Фото: youtube.com/@CultureDignity

Владимир Войнович планировал сделать карьеру честного, но вполне мейнстримного советского писателя, однако из-за его темперамента все в результате пошло совсем не по плану и обернулось куда большим успехом, чем можно было рассчитывать. Жизненному и творческому пути этого замечательного писателя посвящена новая книга Юрия Куликова «Скала» — публикуем небольшой отрывок из нее.

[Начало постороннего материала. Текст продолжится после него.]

lemma coord_eval_inject:
  assumes "coord_eval \<theta> x = coord_eval \<theta> y"
  shows "x = y"
proof -
  obtain x0 x1 x2 y0 y1 y2 where xy: "x = (x0, x1, x2)" "y = (y0, y1, y2)"
    by (cases x, cases y) auto
  define f where "f = [:x0 - y0, x1 - y1, x2 - y2:]"
  have "poly (map_poly of_rat f) \<theta> = coord_eval \<theta> x - coord_eval \<theta> y"
    unfolding f_def xy by (simp add: map_poly_pCons of_rat_diff algebra_simps power2_eq_square)
  with assms have "[:- of_int q, - of_int p, 0, 1:] dvd f"
    by (intro irreducible_dvd_if_common_root[OF irreducible_cubic cubic_poly_root]) simp
  moreover have "degree f < 3"
    unfolding f_def by simp
  moreover have "degree ([:- of_int q, - of_int p, 0, 1:] :: rat poly) = 3"
    by simp
  ultimately have "f = 0"
    using dvd_imp_degree_le by (metis not_less)
  then show ?thesis
    unfolding f_def xy by simp
qed

lemma theta_nonzero: "\<theta> \<noteq> 0"
  using coord_eval_inject[of "(0, 1, 0)" "(0, 0, 0)"] by auto

lemma discriminant_pos: "3 * \<theta>^2 - 4 * of_int p > 0"
proof (rule ccontr)
  assume "\<not> 3 * \<theta>^2 - 4 * of_int p > 0"
  define r where "r = sqrt (4 * of_int p - 3 * \<theta>^2)"
  have r2: "r^2 = 4 * of_int p - 3 * \<theta>^2"
    using \<open>\<not> 3 * \<theta>^2 - 4 * of_int p > 0\<close> unfolding r_def by simp
  have root_eq_theta: "x = \<theta>" if "x = (- \<theta> + r) / 2 \<or> x = (- \<theta> - r) / 2" for x
  proof -
    from that have "2 * x + \<theta> = r \<or> 2 * x + \<theta> = - r"
      by auto
    then have "(2 * x + \<theta>)^2 = r^2"
      by auto
    with r2 have "x^2 + \<theta> * x + \<theta>^2 - of_int p = 0"
      by (simp add: power2_eq_square algebra_simps)
    with cubic_root have "x^3 - of_int p * x - of_int q = 0"
      by algebra
    with unique_real_root show ?thesis
      by blast
  qed
  from root_eq_theta[of "(- \<theta> + r) / 2"] root_eq_theta[of "(- \<theta> - r) / 2"] have "\<theta> = 0"
    by simp
  with theta_nonzero show False ..
qed

text \<open>The two non-real roots of the cubic are \<open>conj_root\<close> and its complex conjugate.\<close>

definition conj_root :: complex where
  "conj_root = Complex (- \<theta> / 2) (sqrt (3 * \<theta>^2 - 4 * of_int p) / 2)"

lemma conj_root_sq: "conj_root^2 = Complex (of_int p - \<theta>^2 / 2) (- \<theta> * sqrt (3 * \<theta>^2 - 4 * of_int p) / 2)"
  using discriminant_pos unfolding conj_root_def
  by (simp add: complex_eq_iff power2_eq_square field_simps)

Все мы начиная с 24 февраля 2022 года оказались перед лицом наступающего варварства, насилия и лжи. В этой ситуации чрезвычайно важно сохранить хотя бы остатки культуры и поддержать ценности гуманизма — в том числе ради будущего России. Поэтому редакция «Горького» продолжит говорить о книгах, напоминая нашим читателям, что в мире остается место мысли и вымыслу.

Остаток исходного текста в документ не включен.